Posted on: August 27, 2012

Was ZeekRewards a pyramid scheme?

A month ago, I paid a regular visit to a dentist client of mine. He excitedly told me about a new business opportunity he was engaged in: a penny auction site. He and his wife excitedly talked for about 30 minutes, and I still couldn’t quite understand what business it was – and I thought I was a reasonably smart guy.

While I was there, my client was busy calling his friends to recruit them. In the end, he told me he gave ZeekRewards $20,000 and just watched his money grow 3% every day! All he needed to do was post some links. This was such an easy way of making money that he wanted to let all his friends know.

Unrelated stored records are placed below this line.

(* Let $\mathcal{G}=(V,\sigma,E)$ be a connected dual equivalence graph of type $(n,N)$ with $n<N$, and let $\phi$ be an isomorphism from the $(n,n)$-restriction of $\mathcal{G}$ to $\mathcal{G}_\lambda$ for some partition $\lambda$ of $n$. Then there exist a partition $\rho\supseteq\lambda$ with $|\rho|=N$ and a filling $A$ of $\rho/\lambda$ with entries $n+1,\dots,N$ (with $\mathrm{ASYT}(\lambda,A)\ne\emptyset$) such that the same map $\phi$ is an isomorphism from $\mathcal{G}$ to $\mathcal{G}_{\lambda,A}$. Moreover, the position of the cell of $A$ containing $n+1$ is uniquely determined.
   Context: Tableaux conventions. Partitions, French diagrams (cells $(i,j)$ with $1\le i\le\lambda_j$, rows from the bottom), skew diagrams $\rho/\lambda$ = set difference. $\mathrm{SYT}(\rho)$: bijections from cells to $[N]$ increasing along rows and up columns. Content of $(i,j)$ is $i-j$; content reading word reads entries by increasing content, each diagonal southwest to northeast; descent signature $\sigma(T)\in\{\pm1\}^{N-1}$, $\sigma(T)_i=+1$ iff $i$ is left of $i+1$ in the reading word. $d_i$ on words: identity if $i$ lies positionally between $i-1,i+1$, otherwise swap $i$ with the farther of $i\pm1$; on tableaux, swap the corresponding entries. A signed, colored graph of type $(n,N)$ is $(V,\sigma,E)$: finite $V$, $\sigma:V\to\{\pm1\}^{N-1}$, for $1<i<n$ sets $E_i$ of $2$-element subsets of $V$. For $m\le n$, $M\le N$, its $(m,M)$-restriction has vertex set $V$, signatures truncated to the first $M-1$ coordinates, and edges $E_2,\dots,E_{m-1}$. It is a dual equivalence graph of type $(n,N)$ if $n\le N$ and (indices only where defined): (ax1) for $w\in V$, $1<i<n$: $\sigma(w)_{i-1}=-\sigma(w)_i$ iff some $x$ has $\{w,x\}\in E_i$, and such $x$ is unique; (ax2) if $\{w,x\}\in E_i$: $\sigma(w)_j=-\sigma(x)_j$ for $j=i-1,i$ and $\sigma(w)_h=\sigma(x)_h$ for $h<i-2$, $h>i+1$; (ax3) if $\{w,x\}\in E_i$ and $\sigma(w)_{i-2}=-\sigma(x)_{i-2}$ then $\sigma(w)_{i-2}=-\sigma(w)_{i-1}$; if $\sigma(w)_{i+1}=-\sigma(x)_{i+1}$ then $\sigma(w)_{i+1}=-\sigma(w)_i$; (ax4) each component of $(V,E_{i-1}\cup E_i)$ is a single vertex, a path $x,y,z$ with only edges $\{x,y\}\in E_{i-1}$, $\{y,z\}\in E_i$, or two vertices joined by both an $E_{i-1}$- and an $E_i$-edge; each component of $(V,E_{i-2}\cup E_{i-1}\cup E_i)$ is: (a) a single vertex; (b) a path $p,q,r,s$ with only edges $\{p,q\}\in E_{i-2}$, $\{q,r\}\in E_{i-1}$, $\{r,s\}\in E_i$; (c) vertices $a,b,c,d,e$ with only edges $\{a,b\}\in E_{i-2}\cap E_{i-1}$, $\{b,c\}\in E_i$, $\{c,d\}\in E_{i-2}$, $\{d,e\}\in E_{i-1}\cap E_i$; (d) vertices $u,v,w,x,y,z$ with only edges $\{u,v\}\in E_{i-1}$, $\{v,w\}\in E_{i-2}$, $\{v,x\}\in E_i$, $\{w,y\}\in E_i$, $\{x,y\}\in E_{i-2}$, $\{y,z\}\in E_{i-1}$; (ax5) if $\{w,x\}\in E_i$, $\{x,y\}\in E_j$, $|i-j|\ge3$, then some $v$ has $\{w,v\}\in E_j$, $\{v,y\}\in E_i$; (ax6) for each $1<i<n$, any two vertices of a component of $(V,E_2\cup\dots\cup E_i)$ are joined by a path in it with at most one $E_i$-edge. $\mathcal{G}_\lambda$: type $(n,n)$, vertices $\mathrm{SYT}(\lambda)$, descent signature, $E_i=\{\{T,d_i(T)\}:d_i(T)\neq T\}$. Augmented: for $\lambda\subseteq\rho$, $|\lambda|=n$, $|\rho|=N$, $A$ a filling of $\rho/\lambda$ by $n+1,\dots,N$, $\mathrm{ASYT}(\lambda,A)$ is the set of $T\in\mathrm{SYT}(\rho)$ restricting to $A$ on $\rho/\lambda$, and $\mathcal{G}_{\lambda,A}$ is the type $(n,N)$ graph on $\mathrm{ASYT}(\lambda,A)$ with descent signatures in $\{\pm1\}^{N-1}$ and $E_i=\{\{T,d_i(T)\}:d_i(T)\ne T\}$, $1<i<n$. Restricting a tableau in $\mathrm{ASYT}(\lambda,A)$ to $\lambda$ identifies $\mathrm{ASYT}(\lambda,A)$ with $\mathrm{SYT}(\lambda)$, through which $\phi$ is regarded as a map to $\mathrm{ASYT}(\lambda,A)$. An isomorphism is a vertex bijection preserving signatures and mapping $i$-edges to $i$-edges. *)

theory Defs
  imports Main
begin

text \<open>A partition is a weakly decreasing list of positive parts; lam!(j-1) is the
length of row j (rows counted from the bottom). Cells are pairs (i,j) with
1 <= j <= length lam and 1 <= i <= lam!(j-1): i is the column, j is the row.\<close>

definition is_partition :: "nat list \<Rightarrow> bool" where
  "is_partition lam \<longleftrightarrow> sorted_wrt (\<ge>) lam \<and> (\<forall>x\<in>set lam. 0 < x)"

definition cells :: "nat list \<Rightarrow> (nat \<times> nat) set" where
  "cells lam = {(i,j). 1 \<le> j \<and> j \<le> length lam \<and> 1 \<le> i \<and> i \<le> lam ! (j - 1)}"

type_synonym tableau = "nat \<times> nat \<Rightarrow> nat"

text \<open>Standard Young tableaux of shape rho: bijections cells -> {1..|rho|}, increasing
along rows and up columns; the value 0 is used outside the diagram so that
tableaux are determined by their entries.\<close>

definition SYT :: "nat list \<Rightarrow> tableau set" where
  "SYT rho = {T. (\<forall>c. c \<notin> cells rho \<longrightarrow> T c = 0)
      \<and> bij_betw T (cells rho) {1..sum_list rho}
      \<and> (\<forall>i j. (i,j) \<in> cells rho \<and> (Suc i, j) \<in> cells rho \<longrightarrow> T (i,j) < T (Suc i, j))
      \<and> (\<forall>i j. (i,j) \<in> cells rho \<and> (i, Suc j) \<in> cells rho \<longrightarrow> T (i,j) < T (i, Suc j))}"

definition cell_of :: "tableau \<Rightarrow> nat \<Rightarrow> nat \<times> nat" where
  "cell_of T k = (THE c. T c = k)"

text \<open>Order of cells in the content reading word: increasing content i - j,
and along a diagonal from southwest to northeast (increasing row j).\<close>

definition rd_less :: "nat \<times> nat \<Rightarrow> nat \<times> nat \<Rightarrow> bool" where
  "rd_less c c' \<longleftrightarrow>
     (int (fst c) - int (snd c) < int (fst c') - int (snd c'))
     \<or> (int (fst c) - int (snd c) = int (fst c') - int (snd c') \<and> snd c < snd c')"

definition rlt :: "tableau \<Rightarrow> nat \<Rightarrow> nat \<Rightarrow> bool" where
  "rlt T a b \<longleftrightarrow> rd_less (cell_of T a) (cell_of T b)"

definition desc_sig :: "tableau \<Rightarrow> nat \<Rightarrow> int" where
  "desc_sig T k = (if rlt T k (Suc k) then 1 else -1)"

definition swap_entries :: "tableau \<Rightarrow> nat \<Rightarrow> nat \<Rightarrow> tableau" where
  "swap_entries T a b = (\<lambda>c. if T c = a then b else if T c = b then a else T c)"

text \<open>d_i: identity if i lies between i-1 and i+1 in the reading word; otherwise
swap i with the one of i-1, i+1 that is farther from i.\<close>
definition dual_d :: "nat \<Rightarrow> tableau \<Rightarrow> tableau" where
  "dual_d i T =
    (if (rlt T (i-1) i \<and> rlt T i (Suc i)) \<or> (rlt T (Suc i) i \<and> rlt T i (i-1)) then T
     else if rlt T i (i-1) \<and> rlt T i (Suc i) then
       (if rlt T (i-1) (Suc i) then swap_entries T i (Suc i) else swap_entries T i (i-1))
     else
       (if rlt T (i-1) (Suc i) then swap_entries T i (i-1) else swap_entries T i (Suc i)))"

definition tab_edges :: "nat \<Rightarrow> tableau set \<Rightarrow> nat \<Rightarrow> tableau set set" where
  "tab_edges n S i = (if 1 < i \<and> i < n then {{T, dual_d i T} | T. T \<in> S \<and> dual_d i T \<noteq> T} else {})"

definition is_filling :: "nat list \<Rightarrow> nat list \<Rightarrow> nat \<Rightarrow> nat \<Rightarrow> tableau \<Rightarrow> bool" where
  "is_filling lam rho n N A \<longleftrightarrow> (\<forall>c. c \<notin> cells rho - cells lam \<longrightarrow> A c = 0)
      \<and> bij_betw A (cells rho - cells lam) {Suc n..N}"

definition ASYT :: "nat list \<Rightarrow> nat list \<Rightarrow> tableau \<Rightarrow> tableau set" where
  "ASYT lam rho A = {T \<in> SYT rho. \<forall>c \<in> cells rho - cells lam. T c = A c}"
lemma rank_le_1_if_outer_product:
  fixes G :: "real^'n::finite^'n" and z :: "'n \<Rightarrow> complex"
  assumes outer: "\<And>i j. z i * z j = \<gamma> * of_real (G $ i $ j)" and "z \<noteq> (\<lambda>_. 0)"
  shows "rank G \<le> 1"
proof -
  obtain k where "z k \<noteq> 0" using \<open>z \<noteq> (\<lambda>_. 0)\<close> by blast
  then have "z k * z k \<noteq> 0" by simp
  then have "\<gamma> \<noteq> 0" and Gkk: "G $ k $ k \<noteq> 0" unfolding outer by auto
  have rank1: "G $ i $ j * G $ k $ k = G $ i $ k * G $ j $ k" for i j
  proof -
    have "\<gamma> * \<gamma> * of_real (G $ i $ j * G $ k $ k) = (z i * z j) * (z k * z k)"
      by (simp add: outer)
    also have "\<dots> = (z i * z k) * (z j * z k)" by (simp add: ac_simps)
    also have "\<dots> = \<gamma> * \<gamma> * of_real (G $ i $ k * G $ j $ k)" by (simp add: outer)
    finally show ?thesis using \<open>\<gamma> \<noteq> 0\<close> by (simp flip: of_real_mult)
  qed
  define col where "col = (\<chi> i. G $ i $ k)"
  have "G *v v = ((\<Sum>j\<in>UNIV. G $ j $ k * v $ j) / G $ k $ k) *\<^sub>R col" for v
    using Gkk
    by (simp add: vec_eq_iff col_def matrix_vector_mult_def sum_distrib_left sum_divide_distrib
        rank1[symmetric] field_simps)
  then have "range ((*v) G) \<subseteq> span {col}"
    by (auto intro: span_scale span_base)
  then have "dim (range ((*v) G)) \<le> card {col}"
    by (intro dim_le_card) auto
  then show ?thesis by (simp add: rank_dim_range)
qed

section \<open>Extreme rays of the Hankel spectrahedron\<close>

lemma hankel_cone_perturb:
  assumes L: "L \<in> hankel_cone I" and M: "dual2 M" "\<And>q. q \<in> I \<Longrightarrow> hom_deg 2 q \<Longrightarrow> M q = 0"
    and dominated: "\<And>a. \<bar>t * M (lin a * lin a)\<bar> \<le> s * L (lin a * lin a)"
  shows "(\<lambda>f. s * L f + t * M f) \<in> hankel_cone I"
  unfolding hankel_cone_def
proof (intro CollectI conjI allI ballI impI)
  show "dual2 (\<lambda>f. s * L f + t * M f)"
    using L M(1) by (simp add: hankel_cone_def dual2_linear_combination)
  show "0 \<le> s * L (lin a * lin a) + t * M (lin a * lin a)" for a
    using dominated[of a] by linarith
  show "s * L q + t * M q = 0" if "q \<in> I" "hom_deg 2 q" for q
    using L M(2) that by (simp add: hankel_cone_def)
qed

lemma extreme_ray_hankel_cone_dominated:
  assumes ext: "extreme_ray (hankel_cone I) L"
    and M: "dual2 M" "\<And>q. q \<in> I \<Longrightarrow> hom_deg 2 q \<Longrightarrow> M q = 0"
    and dominated: "\<And>a. \<bar>M (lin a * lin a)\<bar> \<le> K * L (lin a * lin a)"
  obtains \<mu> where "\<And>f. M f = \<mu> * L f"
proof -
  have L: "L \<in> hankel_cone I" using ext by (simp add: extreme_ray_def)
  define \<epsilon> where "\<epsilon> = 1 / (\<bar>K\<bar> + 1)"
  have "0 < \<epsilon>" "\<epsilon> * K \<le> 1" by (auto simp: \<epsilon>_def field_simps)
  have half: "\<bar>\<epsilon> / 2 * M (lin a * lin a)\<bar> \<le> 1 / 2 * L (lin a * lin a)" for a
  proof -
    have "\<epsilon> * \<bar>M (lin a * lin a)\<bar> \<le> (\<epsilon> * K) * L (lin a * lin a)"
      using mult_left_mono[OF dominated \<open>0 < \<epsilon>\<close>[THEN less_imp_le]] by (simp add: mult.assoc)
    also have "\<dots> \<le> L (lin a * lin a)"
      using mult_right_mono[OF \<open>\<epsilon> * K \<le> 1\<close>, of "L (lin a * lin a)"] L
      by (simp add: hankel_cone_def)
    finally show ?thesis using \<open>0 < \<epsilon>\<close> by (simp add: abs_mult)
  qed
  have "(\<lambda>f. 1 / 2 * L f + \<epsilon> / 2 * M f) \<in> hankel_cone I"
    using half by (intro hankel_cone_perturb[OF L M])
  moreover have "(\<lambda>f. 1 / 2 * L f + - \<epsilon> / 2 * M f) \<in> hankel_cone I"
  proof (intro hankel_cone_perturb[OF L M])
    show "\<bar>- \<epsilon> / 2 * M (lin a * lin a)\<bar> \<le> 1 / 2 * L (lin a * lin a)" for a
      using half[of a] by simp
  qed
  moreover have "L = (\<lambda>f. (1 / 2 * L f + \<epsilon> / 2 * M f) + (1 / 2 * L f + - \<epsilon> / 2 * M f))"
    by (simp add: fun_eq_iff field_simps)
  ultimately obtain c where "(\<lambda>f. 1 / 2 * L f + \<epsilon> / 2 * M f) = (\<lambda>f. c * L f)"
    using ext unfolding extreme_ray_def by blast
  then have "M f = ((2 * c - 1) / \<epsilon>) * L f" for f
    using \<open>0 < \<epsilon>\<close> by (simp add: fun_eq_iff field_simps)
  then show thesis by (rule that)
qed

lemma dual2_monomial_mult_lin_kernel:
  assumes "dual2 L" and "gram L *v w = 0" and "mon_deg m = 1"
  shows "L (Poly_Mapping.single m r * lin w) = 0"
proof -
  obtain i where "m = Poly_Mapping.single i 1"
    using assms(3) by (rule mon_deg_eq_1_imp_single)
  then have "Poly_Mapping.single m r * lin w = lin (axis i r) * lin w"
    by (simp add: lin_axis)
  then show ?thesis by (simp add: dual2_lin_mult_lin[OF assms(1)] assms(2))
qed

lemma hankel_cone_vanishes_on_kernel_ideal:
  assumes hom: "homogeneous_ideal I" and L: "L \<in> hankel_cone I"
    and W: "\<And>w. w \<in> W \<Longrightarrow> gram L *v w = 0"
    and f: "f \<in> ideal_gen (lin ` W \<union> I)" "hom_deg 2 f"
  shows "L f = 0"
proof -
  define Ih where "Ih = I \<inter> {f. \<exists>d. hom_deg d f}"
  have dL: "dual2 L" and LI: "\<And>q. q \<in> I \<Longrightarrow> hom_deg 2 q \<Longrightarrow> L q = 0"
    using L by (auto simp: hankel_cone_def)
  have f_Ih: "f \<in> ideal_gen (lin ` W \<union> Ih)"
    using f(1) ideal_gen_Un_homogeneous_ideal[OF hom] by (auto simp: Ih_def)
  show ?thesis
  proof (rule dual2_vanishes_on_ideal_gen[OF dL _ f_Ih f(2)])
    fix a assume "a \<in> lin ` W \<union> Ih"
    then show "\<exists>d. hom_deg d a \<and> (\<forall>m r. mon_deg m + d = 2 \<longrightarrow> L (Poly_Mapping.single m r * a) = 0)"
    proof
      assume "a \<in> lin ` W"
      then show ?thesis
        using dual2_monomial_mult_lin_kernel[OF dL] W hom_deg_lin by fastforce
    next
      assume "a \<in> Ih"
      then obtain d where "a \<in> I" and d: "hom_deg d a" by (auto simp: Ih_def)
      have "L (Poly_Mapping.single m r * a) = 0" if "mon_deg m + d = 2" for m r
        using LI homogeneous_ideal_mult[OF hom \<open>a \<in> I\<close>] hom_deg_mult[OF hom_deg_single d] that
        by metis
      then show ?thesis using d by blast
    qed
  qed
qed

lemma hankel_cone_eq_0_if_kernel_base_point_free:
  fixes I :: "'n::finite mpoly set"
  assumes hom: "homogeneous_ideal I" and bpf: "p_bpf p I" and L: "L \<in> hankel_cone I"
    and small_rank: "hank_rank L \<le> p" and free: "base_point_free I {w. gram L *v w = 0}"
  shows "L = (\<lambda>_. 0)"
proof -
  define W where "W = {w. gram L *v w = 0}"
  have "CARD('n) - dim W \<le> p"
    using dim_kernel_add_rank[OF transpose_gram, of L] small_rank by (simp add: W_def hank_rank_def)
  then have gen: "f \<in> ideal_gen (lin ` W \<union> I)" if "hom_deg 2 f" for f
    using bpf free subspace_matrix_kernel that unfolding p_bpf_def W_def by blast
  have "L f = 0" if "hom_deg 2 f" for f
    by (rule hankel_cone_vanishes_on_kernel_ideal[OF hom L _ gen[OF that] that]) (simp add: W_def)
  then show ?thesis
    using L unfolding hankel_cone_def dual2_def by blast
qed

That immediately raised a red flag in my mind: if something sounds too good to be true, it usually is. However, they were so excited I did not want to rain on their parade. Instead, I told them I would take the material to read. If it was as good as it sounded, I might put some money in myself.

I went home and began to investigate the company. I became quite alarmed, and I sent my client this email:

I did some research about ZeekRewards, I suggest you don’t put your good name out there to promote the business, since it is at best a gamble and at worst a scam.

Like you said, is a penny auction site, where a bidder could potentially buy a $600 iPad for $60. But for the price to get to $60, there have to be 6000 individual bids; each person has to pay $0.65, so the site makes $3900. Of course, when somebody makes this kind of money, someone else has to lose. Who loses? Those people who bid but did not win.

Their affiliate program is designed to get all of you to help drive traffic to the site, so more people could be losers. 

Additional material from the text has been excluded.